CacheKey identifies a cached asset in storage. It is composed of a namespace, a primary key (typically the URL), and an optional variance key (derived from the Vary header). Two requests with the same CacheKey share the same cached entry.
use pingora::cache::CacheKey;

// namespace, primary key, extra disambiguator
let key = CacheKey::new("", "https://example.com/api/data", "");

CacheMeta

CacheMeta holds the metadata about a cached asset: the response header, freshness timestamps (created, fresh_until), stale-while-revalidate and stale-if-error windows, and variance information. It is returned from a successful cache lookup alongside a HitHandler.
// Typically constructed via the cacheable_filter callback, not directly
let meta: CacheMeta = ...;
let fresh_until = meta.fresh_until();
let created = meta.created();

CacheMetaDefaults

CacheMetaDefaults provides the default TTL policy when the origin does not supply explicit Cache-Control or Expires headers.
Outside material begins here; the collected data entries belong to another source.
lemma periodic1_plane_wave:
  assumes "k \<in> int_lattice"
  shows "periodic1 (plane_wave k a b)"
  unfolding periodic1_def
proof (intro allI)
  fix y i
  obtain n where n: "k $ i = of_int n"
    using assms unfolding int_lattice_def by (auto elim: Ints_cases)
  have "2*pi*(k \<bullet> (y + axis i 1)) = 2*pi*(k \<bullet> y) + of_int n * (2 * of_real pi)"
    by (simp add: inner_axis n algebra_simps)
  then show "plane_wave k a b (y + axis i 1) = plane_wave k a b y"
    unfolding plane_wave_def by (simp only: cos.plus_of_int sin.plus_of_int)
qed

definition R_divergence :: "real^'n^'m \<Rightarrow> (real^'m \<Rightarrow> real^'n) \<Rightarrow> real^'m \<Rightarrow> real" where
  "R_divergence R \<psi> y = (\<Sum>l\<in>UNIV. \<Sum>\<tau>\<in>UNIV. R $ \<tau> $ l * partial_deriv \<psi> \<tau> y $ l)"

lemma R_divergence_plane_wave:
  "R_divergence R (plane_wave k a b) y =
     2*pi * (cos (2*pi*(k \<bullet> y)) * ((transpose R *v k) \<bullet> b) - sin (2*pi*(k \<bullet> y)) * ((transpose R *v k) \<bullet> a))"
proof -
  let ?c = "cos (2*pi*(k \<bullet> y))" and ?s = "sin (2*pi*(k \<bullet> y))" and ?v = "transpose R *v k"
  have "(\<Sum>\<tau>\<in>UNIV. R $ \<tau> $ l * partial_deriv (plane_wave k a b) \<tau> y $ l) =
      2*pi * (?c * b $ l - ?s * a $ l) * ?v $ l" for l
    by (simp add: partial_deriv_plane_wave plane_wave_def matrix_vector_mult_def transpose_def
        sum_distrib_left sum_subtractf algebra_simps)
  then have "R_divergence R (plane_wave k a b) y = (\<Sum>l\<in>UNIV. 2*pi * (?c * b $ l - ?s * a $ l) * ?v $ l)"
    by (simp add: R_divergence_def)
  also have "\<dots> = 2*pi * (?c * (?v \<bullet> b) - ?s * (?v \<bullet> a))"
    unfolding inner_vec_def[of ?v a] inner_vec_def[of ?v b]
    by (simp add: sum_distrib_left sum_subtractf algebra_simps)
  finally show ?thesis .
qed

lemma eq_scaled_if_orthogonal_to_perp:
  fixes x v :: "'a::real_inner"
  assumes "\<And>a. a \<bullet> v = 0 \<Longrightarrow> x \<bullet> a = 0"
  shows "x = ((x \<bullet> v) / (v \<bullet> v)) *\<^sub>R v"
proof -
  define a where "a = x - ((x \<bullet> v) / (v \<bullet> v)) *\<^sub>R v"
  have "a \<bullet> v = 0"
    by (cases "v = 0") (simp_all add: a_def inner_diff_left)
  then have "a \<bullet> a = 0"
    using assms[of a] by (simp add: a_def inner_diff_left inner_diff_right inner_commute)
  then show ?thesis
    by (simp add: a_def)
qed

lemma set_integrable_complex_of_real:
  "set_integrable M A f \<Longrightarrow> set_integrable M A (\<lambda>x. complex_of_real (f x))"
  unfolding set_integrable_def
  by (simp add: scaleR_conv_of_real complex_of_real_integrable_eq flip: of_real_mult)

definition cos_coeff :: "(real^'m \<Rightarrow> real^'n) \<Rightarrow> real^'m \<Rightarrow> real^'n" where
  "cos_coeff w k = (\<chi> l. LINT y:unit_cell|lebesgue. cos (2*pi*(k \<bullet> y)) * w y $ l)"

definition sin_coeff :: "(real^'m \<Rightarrow> real^'n) \<Rightarrow> real^'m \<Rightarrow> real^'n" where
  "sin_coeff w k = (\<chi> l. LINT y:unit_cell|lebesgue. sin (2*pi*(k \<bullet> y)) * w y $ l)"

lemma set_integrable_cos_sin_component:
  fixes w :: "real^'m \<Rightarrow> real^'n"
  assumes "set_integrable lebesgue unit_cell w" "w \<in> borel_measurable lebesgue"
  shows "set_integrable lebesgue unit_cell (\<lambda>y. cos (2*pi*(k \<bullet> y)) * w y $ l)"
    and "set_integrable lebesgue unit_cell (\<lambda>y. sin (2*pi*(k \<bullet> y)) * w y $ l)"
proof -
  have "(\<lambda>y. cos (2*pi*(k \<bullet> y))) \<in> borel_measurable lebesgue"
    and "(\<lambda>y. sin (2*pi*(k \<bullet> y))) \<in> borel_measurable lebesgue"
    by (rule measurable_completion, measurable)+
  then show "set_integrable lebesgue unit_cell (\<lambda>y. cos (2*pi*(k \<bullet> y)) * w y $ l)"
    and "set_integrable lebesgue unit_cell (\<lambda>y. sin (2*pi*(k \<bullet> y)) * w y $ l)"
    by (auto intro: set_integrable_bounded_mult_component[OF assms sets_lebesgue_unit_cell])
qed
You supply a function mapping HTTP status codes to Option<Duration> (returning None marks the status as not cacheable by default), plus the default stale-while-revalidate and stale-if-error windows in seconds.
use pingora::cache::{CacheMetaDefaults};
use std::time::Duration;

static CACHE_DEFAULTS: CacheMetaDefaults = CacheMetaDefaults::new(
    /* fresh_sec_fn */
    |status| match status {
        200 | 206 => Some(Duration::from_secs(3600)),
        301 => Some(Duration::from_secs(86400)),
        _ => None,
    },
    /* stale_while_revalidate_sec */ 30,
    /* stale_if_error_sec */ 300,
);

HitHandler

HitHandler (Box<dyn HandleHit + Sync + Send>) is the interface returned from a cache hit. It lets you stream the cached body and finishes by releasing any read lock on the entry.

MissHandler

MissHandler (Box<dyn HandleMiss + Sync + Send>) is the write-side counterpart. It is used to admit a newly fetched response body into the cache store.

Storage trait

Storage is the plug-in interface for cache backends. Implement it to store cache entries anywhere — in-memory, on disk, in Redis, etc.
#[async_trait]
pub trait Storage {
    async fn lookup(
        &'static self,
        key: &CacheKey,
        trace: &SpanHandle,
    ) -> Result<Option<(CacheMeta, HitHandler)>>;

    async fn get_miss_handler(
        &'static self,
        key: &CacheKey,
        meta: &CacheMeta,
        trace: &SpanHandle,
    ) -> Result<MissHandler>;

    async fn purge(
        &'static self,
        key: &CompactCacheKey,
        purge_type: PurgeType,
        trace: &SpanHandle,
    ) -> Result<bool>;

    async fn update_meta(
        &'static self,
        key: &CacheKey,
        meta: &CacheMeta,
        trace: &SpanHandle,
    ) -> Result<bool>;

    fn as_any(&self) -> &(dyn Any + Send + Sync + 'static);
}

Cache Storage

MemCache (built-in)

MemCache is the ready-to-use in-memory Storage implementation included in pingora-cache. It is backed by pingora-lru and supports streaming partial writes (so downstream clients can start reading a response while it is still being written to the cache from upstream).
use pingora::cache::MemCache;

// MemCache is designed to be used as a 'static reference
static MEM_CACHE: once_cell::sync::Lazy<MemCache> =
    once_cell::sync::Lazy::new(MemCache::new);
Pass it to HttpCache::enable when handling a request:
session.cache.enable(
    &*MEM_CACHE,
    None,          // eviction manager (optional)
    None,          // cache predictor (optional)
    None,          // cache lock (optional)
    None,          // option overrides (optional)
);

Custom storage

Implement Storage for your preferred backend (e.g. a shared Redis cluster) and pass a 'static reference to HttpCache::enable. The as_any method is required for runtime type checks (e.g. HttpCache::storage_type_is::<MyStorage>()).

Cache Control

The cache_control module provides RFC 9111-compliant parser for Cache-Control headers. It handles all standard directives (max-age, s-maxage, no-cache, no-store, must-revalidate, stale-while-revalidate, stale-if-error, and extension directives) and is used internally by CacheMeta freshness calculations. The CacheMetaDefaults type (described above) lets you set site-wide TTL and stale-serving policies that apply when the origin response does not include explicit cache directives.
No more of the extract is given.